Commercial Products Revenue Commercial products
revenue primarily includes revenue related to ancillary services
provided to Wholesale Banking and Commercial Real Estate
customers including standby letter of credit fees, non-yield
related loan fees, syndication and other capital markets
related revenue, non-yield related leasing revenue and foreign
exchange fees. These fees are recognized as earned or as
transactions occur and services are provided.
Mortgage Banking Revenue Mortgage banking revenue
includes revenue derived from mortgages originated and
subsequently sold, generally with servicing retained. The
primary components include: gains and losses on mortgage
sales; servicing revenue, including losses related to the
repurchase of previously-sold loans; changes in fair value for
mortgage loans originated with the intent to sell and measured
at fair value under the fair value option; changes in the fair
value of mortgage servicing rights (“MSRs”); and the impact
of risk management activities associated with the mortgage
origination pipeline, funded loans and MSRs. Net Interest
income from mortgage loans is recorded in interest income.
Refer to Other Significant Policies in Note 1, as well as Note
10 and Note 21 for a further discussion of MSRs.
Deposit Service Charges Service charges on deposit accounts
are primarily monthly fees based on minimum balances or
transaction-based fees. These fees are recognized as earned or
as transactions occur and services are provided.

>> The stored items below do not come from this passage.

(* Let $D$ be a convex subset of a topological vector space $X$, $K$ a nonempty set, and $C$ a cone with nonempty interior in a topological vector space $Y$. Let $f: D\times K\rightrightarrows Y$ and $g: D\times D\rightrightarrows Y$ be set-valued mappings satisfying: (i) for each $y\in K$, the set $\{x\in D: f(x,y)\not\subseteq -\operatorname{int}C\}$ is compactly closed; (ii) for any nonempty finite subset $A$ of $D$ and all $z\in\operatorname{co}(A)$, there exists $x\in A$ such that $g(x,z)\subseteq -C$; (iii) for each $y\in K$ there exists $z\in D$ such that for all $x\in D$, $g(z,x)\subseteq -C$ implies $f(x,y)\not\subseteq -\operatorname{int}C$; (iv) there exist a nonempty compact subset $M$ of $D$ and a finite subset $L$ of $K$ such that for each $x\in D\setminus M$ there exists $y\in L$ with $f(x,y)\subseteq -\operatorname{int}C$. Then there exists $\bar x\in M$ such that $f(\bar x,y)\not\subseteq -\operatorname{int}C$ for all $y\in K$.
   Context: A subset $A$ of a topological space $X$ is compactly closed if for every compact subset $M$ of $X$ the set $A\cap M$ is closed in $M$. $\operatorname{co}(A)$ denotes the convex hull of $A$, and $\operatorname{int}C$ the interior of $C$. *)

theory Defs
  imports "HOL-Analysis.Analysis"
begin

definition is_tvs :: "('a::{real_vector,topological_space}) itself \<Rightarrow> bool" where
  "is_tvs _ \<longleftrightarrow>
     continuous_on UNIV (\<lambda>p::'a \<times> 'a. fst p + snd p) \<and>
     continuous_on UNIV (\<lambda>p::real \<times> 'a. fst p *\<^sub>R snd p)"

definition compactly_closed :: "'a::topological_space set \<Rightarrow> bool" where
  "compactly_closed A \<longleftrightarrow>
     (\<forall>M. compact M \<longrightarrow> closedin (top_of_set M) (A \<inter> M))"

end

(*
  Let G y be the set of x \<in> D for which f(x,y) is not contained in -int C. Choosing for each
  y \<in> K the point z y of (iii), condition (ii) says that a \<mapsto> \<Inter>{G y | z y = a} is a KKM map,
  so the compactly closed sets G y have the finite intersection property. By (iv) every finite
  intersection that includes the sets G y, y \<in> L, lies in the compact set M, and compactness of
  M yields a point common to all G y.

  The KKM principle in a topological vector space is pulled back along t \<mapsto> \<Sum>i. t i a i to the
  standard simplex, where it follows from Brouwer's fixed point theorem. Brouwer's theorem is
  derived from Kuhn's lemma for cubes in nat \<Rightarrow> real: the dimension is the size of a finite
  subset of D, so it varies and cannot be a type parameter.
*)
theory Submission
  imports Defs
begin

lemma tendsto_fun_iff:
  fixes f :: "'a \<Rightarrow> 'i \<Rightarrow> 'b::topological_space"
  shows "(f \<longlongrightarrow> l) F \<longleftrightarrow> (\<forall>i. ((\<lambda>x. f x i) \<longlongrightarrow> l i) F)"
proof -
  have "(f \<longlongrightarrow> l) F \<longleftrightarrow> limitin (product_topology (\<lambda>i. euclidean) UNIV) f l F"
    by (simp add: euclidean_product_topology)
  also have "\<dots> \<longleftrightarrow> (\<forall>i. ((\<lambda>x. f x i) \<longlongrightarrow> l i) F)"
    by (simp add: limitin_componentwise)
  finally show ?thesis .
qed

lemma continuous_on_coordinate [continuous_intros]:
  "continuous_on S (\<lambda>x::'i \<Rightarrow> 'b::topological_space. x i)"
  by (rule continuous_on_subset[OF continuous_on_product_coordinates]) simp

definition unit_cube :: "nat \<Rightarrow> (nat \<Rightarrow> real) set" where
  "unit_cube n = {x. (\<forall>i<n. 0 \<le> x i \<and> x i \<le> 1) \<and> (\<forall>i\<ge>n. x i = 0)}"

lemma compact_unit_cube: "compact (unit_cube n)"
proof -
  have "unit_cube n = PiE UNIV (\<lambda>i. if i < n then {0..1} else {0})"
    by (rule set_eqI) (simp add: PiE_UNIV_domain Pi_iff unit_cube_def all_conj_distrib not_less imp_conjR)
  then have "compactin (product_topology (\<lambda>i. euclidean) UNIV) (unit_cube n)"
    by (simp add: compactin_PiE)
  then show ?thesis
    by (simp add: euclidean_product_topology)
qed

lemma unit_cube_approximate_fixpoint:
  fixes f :: "(nat \<Rightarrow> real) \<Rightarrow> nat \<Rightarrow> real" and m :: nat
  assumes f: "f \<in> unit_cube n \<rightarrow> unit_cube n" and m: "0 < m"
  shows "\<exists>z\<in>unit_cube n. \<forall>i<n. \<exists>u\<in>unit_cube n. \<exists>v\<in>unit_cube n.
           u i \<le> f u i \<and> f v i \<le> v i \<and> (\<forall>j. \<bar>u j - z j\<bar> \<le> 1 / m \<and> \<bar>v j - z j\<bar> \<le> 1 / m)"
proof -
  define lab :: "(nat \<Rightarrow> real) \<Rightarrow> nat \<Rightarrow> nat" where
    "lab x i = (if x i = 0 then 0 else if x i = 1 then 1 else if x i \<le> f x i then 0 else 1)" for x i
  have lab01: "lab x i = 0 \<or> lab x i = 1" for x i
    by (simp add: lab_def)
  have lab0: "x i \<le> f x i" if "x \<in> unit_cube n" "i < n" "lab x i = 0" for x i
  proof -
    have "f x \<in> unit_cube n"
      using f that(1) by blast
    then have "0 \<le> f x i"
      using that(2) by (simp add: unit_cube_def)
    then show ?thesis
      using that(3) by (auto simp: lab_def split: if_splits)
  qed
  have lab1: "f x i \<le> x i" if "x \<in> unit_cube n" "i < n" "lab x i = 1" for x i
  proof -
    have "f x \<in> unit_cube n"
      using f that(1) by blast
    then have "f x i \<le> 1"
      using that(2) by (simp add: unit_cube_def)
    then show ?thesis
      using that(3) by (auto simp: lab_def split: if_splits)
  qed
  define grid where "grid q = (\<lambda>j. if j < n then real (q j) / m else 0)" for q :: "nat \<Rightarrow> nat"
  have grid_cube: "grid q \<in> unit_cube n" if "\<forall>j<n. q j \<le> m" for q
    using that m by (simp add: grid_def unit_cube_def)
  obtain q where q: "\<forall>i<n. q i < m"
    and adj: "\<forall>i<n. \<exists>r s. (\<forall>j<n. q j \<le> r j \<and> r j \<le> q j + 1) \<and> (\<forall>j<n. q j \<le> s j \<and> s j \<le> q j + 1)
                \<and> lab (grid r) i \<noteq> lab (grid s) i"
    by (rule kuhn_lemma[of m n "\<lambda>q i. lab (grid q) i"]) (use m in \<open>auto simp: lab_def grid_def\<close>)
  have near: "grid r \<in> unit_cube n \<and> (\<forall>j. \<bar>grid r j - grid q j\<bar> \<le> 1 / m)"
    if "\<forall>j<n. q j \<le> r j \<and> r j \<le> q j + 1" for r
  proof -
    have "\<bar>grid r j - grid q j\<bar> \<le> 1 / m" for j
      using that m by (auto simp: grid_def abs_le_iff diff_divide_distrib [symmetric] divide_right_mono)
    moreover have "\<forall>j<n. r j \<le> m" using that q by (metis Suc_eq_plus1 Suc_leI le_trans)
    ultimately show ?thesis using grid_cube by blast
  qed
  have "grid q \<in> unit_cube n" using q by (intro grid_cube) (auto simp: less_imp_le)
  moreover have "\<exists>u\<in>unit_cube n. \<exists>v\<in>unit_cube n.
      u i \<le> f u i \<and> f v i \<le> v i \<and> (\<forall>j. \<bar>u j - grid q j\<bar> \<le> 1 / m \<and> \<bar>v j - grid q j\<bar> \<le> 1 / m)"
    if i: "i < n" for i
  proof -
    obtain r s where r: "\<forall>j<n. q j \<le> r j \<and> r j \<le> q j + 1" and s: "\<forall>j<n. q j \<le> s j \<and> s j \<le> q j + 1"
      and rs: "lab (grid r) i \<noteq> lab (grid s) i"
      using adj i by blast
    have "lab (grid r) i = 0 \<and> lab (grid s) i = 1 \<or> lab (grid r) i = 1 \<and> lab (grid s) i = 0"
      using rs lab01[of "grid r" i] lab01[of "grid s" i] by auto
    then show ?thesis
    proof
      assume "lab (grid r) i = 0 \<and> lab (grid s) i = 1"
      then show ?thesis
        using near[OF r] near[OF s] lab0[of "grid r" i] lab1[of "grid s" i] i by blast
    next
      assume "lab (grid r) i = 1 \<and> lab (grid s) i = 0"
      then show ?thesis
        using near[OF r] near[OF s] lab0[of "grid s" i] lab1[of "grid r" i] i by blast
    qed
  qed
  ultimately show ?thesis by blast
qed

lemma tendsto_fun_approx:
  fixes W Z :: "nat \<Rightarrow> 'i \<Rightarrow> real"
  assumes Z: "Z \<longlonglongrightarrow> z" and W: "\<And>k j. \<bar>W k j - Z k j\<bar> \<le> e k" and e: "e \<longlonglongrightarrow> 0"
  shows "W \<longlonglongrightarrow> z"
proof -
  have "(\<lambda>k. W k j) \<longlonglongrightarrow> z j" for j
  proof -
    have "(\<lambda>k. W k j - Z k j) \<longlonglongrightarrow> 0"
      by (rule Lim_null_comparison[OF _ e]) (use W in auto)
    moreover have "(\<lambda>k. Z k j) \<longlonglongrightarrow> z j"
      using Z by (simp add: tendsto_fun_iff)
    ultimately have "(\<lambda>k. (W k j - Z k j) + Z k j) \<longlonglongrightarrow> 0 + z j"
      by (rule tendsto_add)
    then show ?thesis
      by simp
  qed
  then show ?thesis
    by (simp add: tendsto_fun_iff)
qed

theorem brouwer_unit_cube:
  assumes cont: "continuous_on (unit_cube n) f" and f: "f \<in> unit_cube n \<rightarrow> unit_cube n"
  shows "\<exists>x\<in>unit_cube n. f x = x"
proof -
  have "\<forall>m. \<exists>z\<in>unit_cube n. \<forall>i<n. \<exists>u\<in>unit_cube n. \<exists>v\<in>unit_cube n.
          u i \<le> f u i \<and> f v i \<le> v i \<and>
          (\<forall>j. \<bar>u j - z j\<bar> \<le> 1 / Suc m \<and> \<bar>v j - z j\<bar> \<le> 1 / Suc m)"
    by (intro allI unit_cube_approximate_fixpoint[OF f]) simp
  then obtain Z U V where Z: "\<And>m. Z m \<in> unit_cube n"
    and UV: "\<And>m i. i < n \<Longrightarrow> U m i \<in> unit_cube n \<and> V m i \<in> unit_cube n \<and>
               U m i i \<le> f (U m i) i \<and> f (V m i) i \<le> V m i i \<and>
               (\<forall>j. \<bar>U m i j - Z m j\<bar> \<le> 1 / Suc m \<and> \<bar>V m i j - Z m j\<bar> \<le> 1 / Suc m)"
    by metis
  obtain z r where z: "z \<in> unit_cube n" and r: "strict_mono r" and Zr: "(Z \<circ> r) \<longlonglongrightarrow> z"
    using compact_imp_seq_compact[OF compact_unit_cube] Z by (metis seq_compactE)
  have e: "(\<lambda>k. 1 / real (Suc (r k))) \<longlonglongrightarrow> 0"
    using LIMSEQ_subseq_LIMSEQ[OF LIMSEQ_inverse_real_of_nat r] by (simp add: o_def inverse_eq_divide)
  have lim: "(\<lambda>k. W k i) \<longlonglongrightarrow> z i \<and> (\<lambda>k. f (W k) i) \<longlonglongrightarrow> f z i"
    if W: "\<And>k. W k \<in> unit_cube n" "\<And>k j. \<bar>W k j - Z (r k) j\<bar> \<le> 1 / Suc (r k)" for W i
  proof -
    have "W \<longlonglongrightarrow> z"
      by (rule tendsto_fun_approx[OF Zr _ e]) (use W(2) in simp)
    moreover have "(\<lambda>k. f (W k)) \<longlonglongrightarrow> f z"
      using continuous_on_tendsto_compose[OF cont calculation z] W by simp
    ultimately show ?thesis
      by (simp add: tendsto_fun_iff)
  qed
  have "f z i = z i" for i
  proof (cases "i < n")
    case True
    note UVi = UV[OF True]
    have lU: "(\<lambda>k. U (r k) i i) \<longlonglongrightarrow> z i \<and> (\<lambda>k. f (U (r k) i) i) \<longlonglongrightarrow> f z i"
      by (rule lim) (use UVi in auto)
    have lV: "(\<lambda>k. V (r k) i i) \<longlonglongrightarrow> z i \<and> (\<lambda>k. f (V (r k) i) i) \<longlonglongrightarrow> f z i"
      by (rule lim) (use UVi in auto)
    have "z i \<le> f z i"
      by (rule tendsto_le[OF trivial_limit_sequentially conjunct2[OF lU] conjunct1[OF lU]])
        (simp add: UVi)
    moreover have "f z i \<le> z i"
      by (rule tendsto_le[OF trivial_limit_sequentially conjunct1[OF lV] conjunct2[OF lV]])
        (simp add: UVi)
    ultimately show ?thesis by simp
  next
    case False
    have "f z \<in> unit_cube n"
      using f z by blast
    with False z show ?thesis
      by (simp add: unit_cube_def)
  qed
  then show ?thesis
    using z by blast
qed

text \<open>The definition of HOL-Homology's theory Simplices. Importing that theory would make \<open>cone\<close>
  denote the cone of cardinal arithmetic instead of the convex cone.\<close>

definition standard_simplex :: "nat \<Rightarrow> (nat \<Rightarrow> real) set" where
  "standard_simplex p =
     {x. (\<forall>i. 0 \<le> x i \<and> x i \<le> 1) \<and> (\<forall>i>p. x i = 0) \<and> (\<Sum>i\<le>p. x i) = 1}"

lemma standard_simplex_eq: "standard_simplex p = unit_cube (Suc p) \<inter> {x. (\<Sum>i\<le>p. x i) = 1}"
proof -
  have "x \<in> unit_cube (Suc p) \<longleftrightarrow> (\<forall>i. 0 \<le> x i \<and> x i \<le> 1) \<and> (\<forall>i>p. x i = 0)" for x
    unfolding unit_cube_def mem_Collect_eq by (metis Suc_le_eq less_Suc_eq_le not_less order_refl zero_le_one)
  then show ?thesis
    by (auto simp: standard_simplex_def)
qed

lemma compact_standard_simplex: "compact (standard_simplex p)"
proof -
  have "closed {x::nat \<Rightarrow> real. (\<Sum>i\<le>p. x i) = 1}"
    by (intro closed_Collect_eq continuous_intros)
  then show ?thesis
    unfolding standard_simplex_eq using compact_Int_closed compact_unit_cube by blast
qed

Other Significant Policies
Intangible Assets The price paid over the net fair value of
acquired businesses (“goodwill”) is not amortized. Other
intangible assets are amortized over their estimated useful
lives, using straight-line and accelerated methods. The
recoverability of goodwill and other intangible assets is
evaluated annually, at a minimum, or on an interim basis if
events or circumstances indicate a possible inability to realize
the carrying amount. The evaluation includes assessing the
estimated fair value of the intangible asset based on market
prices for similar assets, where available, and the present value
of the estimated future cash flows associated with the
intangible asset.
Income Taxes Deferred taxes are recorded to reflect the tax
consequences on future years of differences between the tax
basis of assets and liabilities and their financial reporting
carrying amounts.
Mortgage Servicing Rights MSRs are capitalized as separate
assets when loans are sold and servicing is retained or if they
are purchased from others. MSRs are recorded at fair value.
The Company determines the fair value by estimating the
present value of the asset’s future cash flows utilizing market-
based prepayment rates, discount rates, and other
assumptions validated through comparison to trade
information, industry surveys and independent third party
valuations. Changes in the fair value of MSRs are recorded in
earnings during the period in which they occur. Risks inherent
in the MSRs valuation include higher than expected
prepayment rates and/or delayed receipt of cash flows. The
Company utilizes interest rate swaps, futures, to-be-
announced securities (“TBAs”) and options to mitigate MSR
valuation risk.
Pensions For purposes of its pension plans, the Company
utilizes its fiscal year-end as the measurement date. At the
measurement date, plan assets are determined based on fair
value, generally representing observable market prices or the
net asset value provided by the plans’ administrator. The
actuarial cost method used to compute the pension liabilities
and related expense is the projected unit credit method. The
projected benefit obligation is principally determined based on
the present value of projected benefit distributions at an
assumed discount rate. The discount rate utilized is based on
the investment yield of high quality corporate bonds available
in the marketplace with maturities equal to projected cash
flows of future benefit payments as of the measurement date.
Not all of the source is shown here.